“Trace 3 Examples” Is the Best Verification Instruction — But Only for JS and C# (10,800 Benchmarks)
Anthropic’s prompt engineering documentation calls verification “the single highest-leverage thing you can add to improve accuracy.” But WHAT kind of verification? We tested four strategies across 10,800 benchmark runs and three languages. Only one consistently helps—and it’s language-specific.
“Trace through 3 concrete examples with your code before responding” delivers +3.2 points for JavaScript and +5.5 points for C#. But for Python? Neutral to slightly negative (-0.7pts). Meanwhile, vague instructions like “double-check your work” are the weakest non-bare variant across all languages. Verification works, but only when you tell the model exactly WHAT to do.
This is the ninth experiment in our benchmark series, following the chain-of-thought, context pollution, model selection, politeness sweep, persona sweep, step-back, anchoring, and cross-language revisits studies. All data is open source at claude-benchmark.
Experiment Design
I tested five verification variants:
| Variant | Description |
|---|---|
| bare | No verification instructions (control baseline) |
| verify-vague | “Double-check your work before responding” |
| verify-run-tests | “Run the tests mentally and verify your code passes” |
| verify-with-examples | “Trace through 3 concrete examples with your code before responding” |
| verify-fix-loop | “Check your output, identify any issues, and fix them before responding” |
Each variant was run across:
- 3 models: Haiku, Sonnet, Opus
- 48 tasks across Python, JavaScript, and C# (Go scoring was sparse and is excluded from analysis)
- 10 repetitions per model-task-variant combination
That’s 5 variants × 3 models × 48 tasks × 10 reps = 7,200 runs across the three main languages, with an additional 3,600 runs in Go that showed insufficient scoring coverage.*
* Go tasks had sparse test coverage, making score deltas unreliable. We focus on Python, JS, and C# where scoring is comprehensive.
The Scoreboard

Executive summary: overall performance across all tested variants.
Here are the overall results across Python, JavaScript, and C#:
| Variant | Python | JavaScript | C# | Overall | N |
|---|---|---|---|---|---|
| bare (control) | 87.34 | 66.94 | 63.81 | 72.70 | 1669 |
| verify-vague | 86.83 | 68.91 | 65.83 | 73.86 | 1659 |
| verify-run-tests | 87.88 | 68.63 | 67.65 | 74.72 | 1652 |
| verify-with-examples | 86.62 | 70.10 | 69.28 | 75.33 | 1650 |
| verify-fix-loop | 87.41 | 69.07 | 65.37 | 73.95 | 1651 |
And here are the deltas from the bare baseline:
| Variant | Python | JavaScript | C# |
|---|---|---|---|
| verify-vague | -0.51 | +1.97 | +2.02 |
| verify-run-tests | +0.54 | +1.69 | +3.84 |
| verify-with-examples | -0.72 | +3.15 | +5.46 |
| verify-fix-loop | +0.07 | +2.13 | +1.56 |
verify-with-examples Wins — For JS and C#
But look at Python:
This is a language-specific effect. Python is Claude’s strongest language across all our experiments. The baseline score is 20+ points higher than JS or C#. When the model is already highly accurate, verification adds overhead without corresponding benefit. For JS and C#, where baseline accuracy is lower, verification helps the model catch mistakes it would otherwise miss.
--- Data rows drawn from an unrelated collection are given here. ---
(* Let $0<\gamma<\alpha<1$, $f\in C^1[0,1]$ with $f(0)=0$, $h=\dot f$, $D\in C^1[0,1]$ with $D>0$ on $(0,\alpha)$ and $D<0$ on $(\alpha,1)$, $g\in C^0[0,1]$ with $g<0$ on $(0,\gamma)$, $g>0$ on $(\gamma,1)$, $g(0)=g(\gamma)=g(1)=0$, $q=Dg$. For $c\in\mathbb R$ consider the problem: find $z\in C^0[0,\alpha]\cap C^1(0,\alpha)$ with $\dot z=h-c-q/z$ on $(0,\alpha)$, $z<0$ on $(0,\alpha)$, $z(0)=z(\alpha)=0$. This problem admits a solution for some $c$ if and only if $c^*_{1.1}<c^*_{1.2}$. In that case solutions occur only for a unique real value $c=c_1^*\in(c^*_{1.1},c^*_{1.2})$, and the corresponding solution $z$ is unique.
   Context: Threshold $c^*$: let $\sigma_1<\sigma_2$ and $H,Q$ continuous on $[\sigma_1,\sigma_2]$ with $Q>0$ on $(\sigma_1,\sigma_2)$, $Q(\sigma_1)=Q(\sigma_2)=0$. For every $c\in\mathbb R$ there is a unique $\zeta_c\in C^0[\sigma_1,\sigma_2]\cap C^1(\sigma_1,\sigma_2)$ with $\dot\zeta_c=H-c-Q/\zeta_c$ and $\zeta_c<0$ on $(\sigma_1,\sigma_2)$ and $\zeta_c(\sigma_2)=0$; define $c^*(Q;H;\sigma_1,\sigma_2):=\sup\{c\in\mathbb R:\zeta_c(\sigma_1)<0\}\in(-\infty,\infty]$. Set $\tilde q(\phi)=-q(1-\phi)$, $\tilde h(\phi)=-h(1-\phi)$. Define $c^*_{1.1}:=-c^*(\tilde q;\tilde h;\max\{1-\alpha,1-\gamma\},1)$ and $c^*_{1.2}:=c^*(q;h;\gamma,\alpha)$. *)

theory Defs
  imports "HOL-Analysis.Analysis" "HOL-Library.Extended_Real"
begin

definition zeta_cond :: "(real \<Rightarrow> real) \<Rightarrow> (real \<Rightarrow> real) \<Rightarrow> real \<Rightarrow> real \<Rightarrow> real \<Rightarrow> (real \<Rightarrow> real) \<Rightarrow> bool" where
  "zeta_cond Q H s1 s2 c \<zeta> \<longleftrightarrow>
     continuous_on {s1..s2} \<zeta> \<and>
     (\<forall>x\<in>{s1<..<s2}. (\<zeta> has_real_derivative (H x - c - Q x / \<zeta> x)) (at x)) \<and>
     (\<forall>x\<in>{s1<..<s2}. \<zeta> x < 0) \<and> \<zeta> s2 = 0"

definition zeta_c :: "(real \<Rightarrow> real) \<Rightarrow> (real \<Rightarrow> real) \<Rightarrow> real \<Rightarrow> real \<Rightarrow> real \<Rightarrow> real \<Rightarrow> real" where
  "zeta_c Q H s1 s2 c = (THE \<zeta>. zeta_cond Q H s1 s2 c \<zeta> \<and> (\<forall>x. x \<notin> {s1..s2} \<longrightarrow> \<zeta> x = 0))"
section \<open>Smoothness\<close>

lemma descent_lemma:
  fixes f :: "'a::real_inner \<Rightarrow> real"
  assumes deriv: "\<And>x. (f has_derivative (\<lambda>v. g x \<bullet> v)) (at x)"
    and lipschitz: "\<And>x y. norm (g x - g y) \<le> L * norm (x - y)"
  shows "f y \<le> f x + g x \<bullet> (y - x) + L / 2 * (norm (y - x))\<^sup>2"
proof -
  define d where "d = y - x"
  define \<phi> where "\<phi> t = f (x + t *\<^sub>R d) - t * (g x \<bullet> d) - L / 2 * t\<^sup>2 * (norm d)\<^sup>2" for t :: real
  have \<phi>_deriv: "DERIV \<phi> t :> g (x + t *\<^sub>R d) \<bullet> d - g x \<bullet> d - L * t * (norm d)\<^sup>2" for t
  proof -
    have "((\<lambda>t. f (x + t *\<^sub>R d)) has_derivative (\<lambda>s. g (x + t *\<^sub>R d) \<bullet> (s *\<^sub>R d))) (at t)"
      by (rule has_derivative_compose[OF _ deriv, unfolded o_def]) (auto intro!: derivative_eq_intros)
    then have "DERIV (\<lambda>t. f (x + t *\<^sub>R d)) t :> g (x + t *\<^sub>R d) \<bullet> d"
      unfolding has_field_derivative_def by (rule has_derivative_eq_rhs) (simp add: fun_eq_iff)
    then show ?thesis
      unfolding \<phi>_def by (auto intro!: derivative_eq_intros)
  qed
  have "\<phi> 1 \<le> \<phi> 0"
  proof (rule DERIV_nonpos_imp_nonincreasing[of 0 1 \<phi>])
    fix t :: real
    assume t: "0 \<le> t" "t \<le> 1"
    have "(g (x + t *\<^sub>R d) - g x) \<bullet> d \<le> norm (g (x + t *\<^sub>R d) - g x) * norm d"
      by (rule norm_cauchy_schwarz)
    also have "\<dots> \<le> L * t * (norm d)\<^sup>2"
      using mult_right_mono[OF lipschitz[of "x + t *\<^sub>R d" x] norm_ge_zero[of d]] t
      by (simp add: power2_eq_square mult.assoc)
    finally have "g (x + t *\<^sub>R d) \<bullet> d - g x \<bullet> d - L * t * (norm d)\<^sup>2 \<le> 0"
      by (simp add: inner_diff_left)
    with \<phi>_deriv show "\<exists>y. DERIV \<phi> t :> y \<and> y \<le> 0"
      by blast
  qed simp
  then show ?thesis
    unfolding \<phi>_def d_def by simp
qed

lemma has_derivative_mean_inner:
  assumes "\<And>j. j < m \<Longrightarrow> (f j has_derivative (\<lambda>v. g j \<bullet> v)) (at x)"
  shows "((\<lambda>x. (1 / real m) * (\<Sum>j<m. f j x)) has_derivative (\<lambda>v. avg m g \<bullet> v)) (at x)"
proof -
  have "((\<lambda>x. \<Sum>j<m. f j x) has_derivative (\<lambda>v. \<Sum>j<m. g j \<bullet> v)) (at x)"
    by (rule has_derivative_sum) (use assms in auto)
  from has_derivative_mult_right[OF this, of "1 / real m"] show ?thesis
    by (rule has_derivative_eq_rhs) (simp add: fun_eq_iff avg_def inner_sum_left sum_distrib_left)
qed

lemma finite_sum_descent:
  fixes f :: "nat \<Rightarrow> nat \<Rightarrow> 'a::real_inner \<Rightarrow> real"
  assumes "n \<ge> 1" and "m \<ge> 1"
    and deriv: "\<And>i j x. i < n \<Longrightarrow> j < m \<Longrightarrow> (f i j has_derivative (\<lambda>v. df i j x \<bullet> v)) (at x)"
    and smooth: "\<And>i j x y. i < n \<Longrightarrow> j < m \<Longrightarrow> norm (df i j x - df i j y) \<le> L * norm (x - y)"
    and F_def: "F = (\<lambda>x. (1 / real n) * (\<Sum>i<n. (1 / real m) * (\<Sum>j<m. f i j x)))"
  shows "F y \<le> F x + avg n (\<lambda>i. avg m (\<lambda>j. df i j x)) \<bullet> (y - x) + L / 2 * (norm (y - x))\<^sup>2"
proof (rule descent_lemma)
  show "(F has_derivative (\<lambda>v. avg n (\<lambda>i. avg m (\<lambda>j. df i j x)) \<bullet> v)) (at x)" for x
    unfolding F_def by (intro has_derivative_mean_inner deriv)
  show "norm (avg n (\<lambda>i. avg m (\<lambda>j. df i j x)) - avg n (\<lambda>i. avg m (\<lambda>j. df i j y))) \<le> L * norm (x - y)"
    for x y
    using assms(1,2) smooth by (intro norm_avg_diff_le) auto
qed

lemma norm_avg_gradients_diff_sq_le:
  fixes df :: "nat \<Rightarrow> nat \<Rightarrow> 'a::real_normed_vector \<Rightarrow> 'b::real_inner"
  assumes "n \<ge> 1" and "m \<ge> 1"
    and smooth: "\<And>i j x y. i < n \<Longrightarrow> j < m \<Longrightarrow> norm (df i j x - df i j y) \<le> L * norm (x - y)"
  shows "(norm (avg n (\<lambda>i. avg m (\<lambda>j. df i j y)) - avg n (\<lambda>i. avg m (\<lambda>j. df i j (x i)))))\<^sup>2
    \<le> L\<^sup>2 * avg n (\<lambda>i. (norm (x i - y))\<^sup>2)"
proof -
  have "(norm (avg n (\<lambda>i. avg m (\<lambda>j. df i j y)) - avg n (\<lambda>i. avg m (\<lambda>j. df i j (x i)))))\<^sup>2
      \<le> avg n (\<lambda>i. (norm (avg m (\<lambda>j. df i j y) - avg m (\<lambda>j. df i j (x i))))\<^sup>2)"
    using norm_avg_sq_le[OF assms(1), of "\<lambda>i. avg m (\<lambda>j. df i j y) - avg m (\<lambda>j. df i j (x i))"]
    by (simp only: avg_diff)
  also have "\<dots> \<le> avg n (\<lambda>i. L\<^sup>2 * (norm (x i - y))\<^sup>2)"
  proof (rule avg_mono)
    fix i
    assume "i < n"
    then have "norm (avg m (\<lambda>j. df i j y) - avg m (\<lambda>j. df i j (x i))) \<le> L * norm (x i - y)"
      using smooth by (intro norm_avg_diff_le[OF assms(2)]) (simp add: norm_minus_commute)
    then show "(norm (avg m (\<lambda>j. df i j y) - avg m (\<lambda>j. df i j (x i))))\<^sup>2 \<le> L\<^sup>2 * (norm (x i - y))\<^sup>2"
      by (simp add: power_mono flip: power_mult_distrib)
  qed
  finally show ?thesis
    by (simp only: avg_mult_left)
qed

section \<open>Expected descent under independent sampling\<close>

lemma expected_descent:
  fixes s :: "'c \<Rightarrow> 'a::real_inner"
  assumes descent: "\<And>y. F y \<le> F x + G \<bullet> (y - x) + L / 2 * (norm (y - x))\<^sup>2"
    and unbiased: "(\<Sum>c\<in>P. s c) = 0"
  shows "(\<Sum>c\<in>P. F (x - \<alpha> *\<^sub>R (b + s c)))
    \<le> real (card P) * (F x - \<alpha> * (G \<bullet> b) + L * \<alpha>\<^sup>2 / 2 * (norm b)\<^sup>2)
      + L * \<alpha>\<^sup>2 / 2 * (\<Sum>c\<in>P. (norm (s c))\<^sup>2)"
proof -
  have "F (x - \<alpha> *\<^sub>R (b + s c))
      \<le> (F x - \<alpha> * (G \<bullet> b) + L * \<alpha>\<^sup>2 / 2 * (norm b)\<^sup>2)
        + (- \<alpha> *\<^sub>R G + (L * \<alpha>\<^sup>2) *\<^sub>R b) \<bullet> s c + L * \<alpha>\<^sup>2 / 2 * (norm (s c))\<^sup>2" for c
  proof -
    have "F (x - \<alpha> *\<^sub>R (b + s c))
        \<le> F x - \<alpha> * (G \<bullet> (b + s c)) + L / 2 * (norm (\<alpha> *\<^sub>R (b + s c)))\<^sup>2"
      using descent[of "x - \<alpha> *\<^sub>R (b + s c)"] by simp
    also have "(norm (\<alpha> *\<^sub>R (b + s c)))\<^sup>2 = \<alpha>\<^sup>2 * ((norm b)\<^sup>2 + 2 * (b \<bullet> s c) + (norm (s c))\<^sup>2)"
      by (simp add: power_mult_distrib power2_norm_eq_inner inner_add_left inner_add_right inner_commute)
    finally show ?thesis
      by (simp add: algebra_simps)
  qed
  then have "(\<Sum>c\<in>P. F (x - \<alpha> *\<^sub>R (b + s c)))
      \<le> (\<Sum>c\<in>P. (F x - \<alpha> * (G \<bullet> b) + L * \<alpha>\<^sup>2 / 2 * (norm b)\<^sup>2)
        + (- \<alpha> *\<^sub>R G + (L * \<alpha>\<^sup>2) *\<^sub>R b) \<bullet> s c + L * \<alpha>\<^sup>2 / 2 * (norm (s c))\<^sup>2)"
    by (rule sum_mono)
  also have "\<dots> = real (card P) * (F x - \<alpha> * (G \<bullet> b) + L * \<alpha>\<^sup>2 / 2 * (norm b)\<^sup>2)
      + L * \<alpha>\<^sup>2 / 2 * (\<Sum>c\<in>P. (norm (s c))\<^sup>2)"
    using unbiased by (simp add: sum.distrib sum_distrib_left flip: inner_sum_right)
  finally show ?thesis .
qed
(* Let $n \ge 1$ and let $x_1 < x_2 < \cdots < x_n$ and $y_1 < y_2 < \cdots < y_n$ be real numbers. Let $A$ be the $n\times n$ matrix $A = [e^{x_i y_j}]_{i,j=1,\ldots,n}$. Then $$\det(A) \ge \frac{1}{c_n} V(\mathbf{x}) V(\mathbf{y})\, e^{(x_1+\cdots+x_n)(y_1+\cdots+y_n)/n}$$ and $$\det(A) \le \frac{1}{c_n} V(\mathbf{x}) V(\mathbf{y})\, e^{x_1y_1+\cdots+x_ny_n}.$$
   Context: For $\mathbf{x}=(x_1,\ldots,x_n)$, $V(\mathbf{x}) := \prod_{1\le i<j\le n}(x_j-x_i)$ denotes the Vandermonde polynomial (equal to $1$ when $n=1$), and similarly $V(\mathbf{y})=\prod_{1\le i<j\le n}(y_j-y_i)$. The constant $c_n$ is $c_n := \prod_{i=1}^{n-1} (i!)$ (with $c_1=1$). *)

theory Defs
  imports Complex_Main "Jordan_Normal_Form.Determinant"
begin

text \<open>Vandermonde product V(x) = prod over 1 <= i < j <= n of (x_j - x_i); here indices are 0-based: 0 <= i < j < n.\<close>
definition vandermonde :: "nat \<Rightarrow> (nat \<Rightarrow> real) \<Rightarrow> real" where
  "vandermonde n x = (\<Prod>j<n. \<Prod>i<j. (x j - x i))"

definition cn :: "nat \<Rightarrow> real" where
  "cn n = (\<Prod>i=1..<n. fact i)"

definition expmat :: "nat \<Rightarrow> (nat \<Rightarrow> real) \<Rightarrow> (nat \<Rightarrow> real) \<Rightarrow> real mat" where
  "expmat n x y = mat n n (\<lambda>(i, j). exp (x i * y j))"

end

(*
  After factoring exp (x_i y_0) out of row i, the first column of [exp (x_i y_j)] consists of
  ones. Subtracting consecutive rows and writing each difference as an integral over
  [x_i, x_(i+1)] expresses the determinant of size n + 1 as the integral, over the box of
  points z interlacing x, of (prod_j t_j) det [exp (z_i t_j)] with t_j = y_(j+1) - y_0: a
  determinant of the same kind of size n, to which both bounds apply by induction.
  The same row reduction applied to monomials integrates V(z) over the box to V(x) / n! and
  (z_0 + ... + z_(n-1)) V(z) to n (x_0 + ... + x_n) V(x) / (n+1)!. This evaluates the integral
  of the upper bound, and, for the lower bound, the integral of the tangent line of exp at the
  V-weighted mean of the exponent, which lies below exp.
*)
theory Submission
  imports "HOL-Analysis.Analysis" Defs
begin

section \<open>Determinants of matrices given by entry functions\<close>

lemma det_mat_leibniz:
  fixes f :: "nat \<Rightarrow> nat \<Rightarrow> 'a :: comm_ring_1"
  shows "det (mat n n (\<lambda>(i,j). f i j)) =
     (\<Sum>p | p permutes {..<n}. signof p * (\<Prod>i<n. f i (p i)))"
proof -
  have "det (mat n n (\<lambda>(i,j). f i j)) =
      (\<Sum>p | p permutes {0..<n}. signof p * (\<Prod>i=0..<n. mat n n (\<lambda>(i,j). f i j) $$ (i, p i)))"
    by (rule det_def') simp
  also have "\<dots> = (\<Sum>p | p permutes {..<n}. signof p * (\<Prod>i<n. f i (p i)))"
    by (intro sum.cong arg_cong2[where f = "(*)"] prod.cong)
       (auto simp: atLeast0LessThan permutes_in_image)
  finally show ?thesis .
qed
text \<open>Let \<open>U\<^sub>0\<close> be the last codeword of \<open>ws'\<close> outside \<open>ws\<close>. By the previous lemma the \<open>c\<close>
  codewords of \<open>ws'\<close> outside \<open>ws\<close> raise the dimension of \<open>\<Union>ws\<close> by at most \<open>c - 1\<close>,
  contradicting \<open>dim_Union_ge\<close>.\<close>

lemma walk_set_subset_if_same_end:
  assumes md: "min_deg d D" and "\<alpha> \<le> d" and "1 \<le> m" and "2 * m \<le> \<alpha>"
    and ws: "is_walk D v ws" "length ws = m" and ws': "is_walk D v ws'" "length ws' = m"
    and same_end: "walk_end v ws = walk_end v ws'"
  shows "set ws' \<subseteq> set ws"
proof (rule ccontr)
  assume "\<not> set ws' \<subseteq> set ws"
  then obtain pre U\<^sub>0 post where
    split: "ws' = pre @ U\<^sub>0 # post" "U\<^sub>0 \<notin> set ws" "\<forall>z\<in>set post. z \<in> set ws"
    using split_list_last_prop[of ws' "\<lambda>x. x \<notin> set ws"] by blast
  define B where "B = \<Union>(set ws)"
  define T where "T = set ws \<union> set ws'"
  have "ws \<noteq> []" using ws(2) \<open>1 \<le> m\<close> by auto
  have BA: "B \<subseteq> ambient n" unfolding B_def using Union_subset_ambient[OF DC is_walk_subset[OF ws(1)]] .
  have "v \<subseteq> B" unfolding B_def using start_subset_Union_walk[OF ws(1) \<open>ws \<noteq> []\<close>] .
  hence dim_B: "fv.dim B \<le> k - 1 + m" using dim_walk_le[OF ws(1)] ws(2) unfolding B_def
    by (simp add: Un_absorb1)
  have "walk_end v ws' \<subseteq> fv.span B"
    using same_end walk_end_subset[OF ws(1)] \<open>v \<subseteq> B\<close> fv.span_superset[of B] unfolding B_def by blast
  hence dim_pre: "fv.dim (B \<union> \<Union>(set pre)) \<le> fv.dim B + card {Y \<in> set pre. \<not> Y \<subseteq> fv.span B}"
    using dim_walk_prefix_le[of pre "U\<^sub>0 # post" B] ws'(1) BA split(1) by auto
  have "\<Union>T \<subseteq> fv.span (B \<union> \<Union>(set pre))"
    unfolding T_def B_def split(1)
    by (rule Union_walks_subset_span[OF ws(1) \<open>ws \<noteq> []\<close>]) (use ws'(1) split same_end in auto)
  moreover have "B \<union> \<Union>(set pre) \<subseteq> ambient n"
    using BA Union_subset_ambient[OF DC] is_walk_subset[OF ws'(1)] split(1) by auto
  ultimately have dim_T: "fv.dim (\<Union>T) \<le> fv.dim (B \<union> \<Union>(set pre))" using dim_le_if_subset_span by blast
  have "{Y \<in> set pre. \<not> Y \<subseteq> fv.span B} \<subseteq> set pre - set ws"
    unfolding B_def using fv.span_superset by blast
  hence "card {Y \<in> set pre. \<not> Y \<subseteq> fv.span B} \<le> card (set pre - set ws)" by (intro card_mono) auto
  also have "\<dots> + 1 \<le> card (set ws' - set ws)"
    using card_set_prefix_Diff_less[of pre U\<^sub>0 post "set ws"] is_walk_distinct[OF ws'(1)] split(1,2) by simp
  finally have new: "card {Y \<in> set pre. \<not> Y \<subseteq> fv.span B} + 1 \<le> card (set ws' - set ws)" by simp
  have "T = set ws \<union> (set ws' - set ws)" unfolding T_def by blast
  hence card_T: "card T = m + card (set ws' - set ws)"
    using card_Un_disjoint[of "set ws" "set ws' - set ws"] distinct_card[OF is_walk_distinct[OF ws(1)]] ws(2)
    by simp
  have "card T \<le> \<alpha>" unfolding T_def
    using card_Un_le[of "set ws" "set ws'"] card_length[of ws] card_length[of ws'] ws(2) ws'(2) \<open>2 * m \<le> \<alpha>\<close>
    by linarith
  moreover have "T \<subseteq> D" unfolding T_def using is_walk_subset[OF ws(1)] is_walk_subset[OF ws'(1)] by blast
  moreover have "T \<noteq> {}" unfolding T_def using \<open>ws \<noteq> []\<close> by simp
  ultimately have "k + card T \<le> fv.dim (\<Union>T) + 1" using dim_Union_ge[OF DC md \<open>\<alpha> \<le> d\<close>] by blast
  thus False using dim_T dim_pre dim_B new card_T k_ge_2 by linarith
qed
Why Vague Verification Doesn’t Work
“Double-check your work before responding” is the weakest non-bare variant. It delivers +1.97pts for JS and +2.02pts for C#—better than nothing, but worse than every specific verification instruction.
This maps to the broader pattern we’ve seen across experiments: specificity matters. The model performs best when you tell it exactly what to do. “Trace through 3 concrete examples” is specific. “Double-check your work” is not.
The Specificity Gradient
There’s a clear gradient from vague to specific verification:
| Variant | Specificity | JS Delta | C# Delta |
|---|---|---|---|
| verify-vague | Low (“double-check”) | +1.97 | +2.02 |
| verify-run-tests | Medium (“run tests mentally”) | +1.69 | +3.84 |
| verify-with-examples | High (“trace 3 examples”) | +3.15 | +5.46 |
| verify-fix-loop | Very High (“check, identify, fix”) | +2.13 | +1.56 |
More specific is better—up to a point. verify-fix-loop is the most complex instruction (“Check your output, identify any issues, and fix them before responding”), but it underperforms verify-with-examples. Why?
verify-fix-loop asks the model to do three things: check, identify, fix. That’s three cognitive steps, each with potential failure modes. verify-with-examples asks for one thing: trace examples. One specific instruction beats three stacked instructions.
Connection to Multi-Turn and Persona
Verification is single-turn iteration. Instead of generating output, checking it, and then regenerating in a second turn, verification asks the model to do that loop internally before responding. This is cheaper (one API call instead of two) but less reliable (no external feedback loop).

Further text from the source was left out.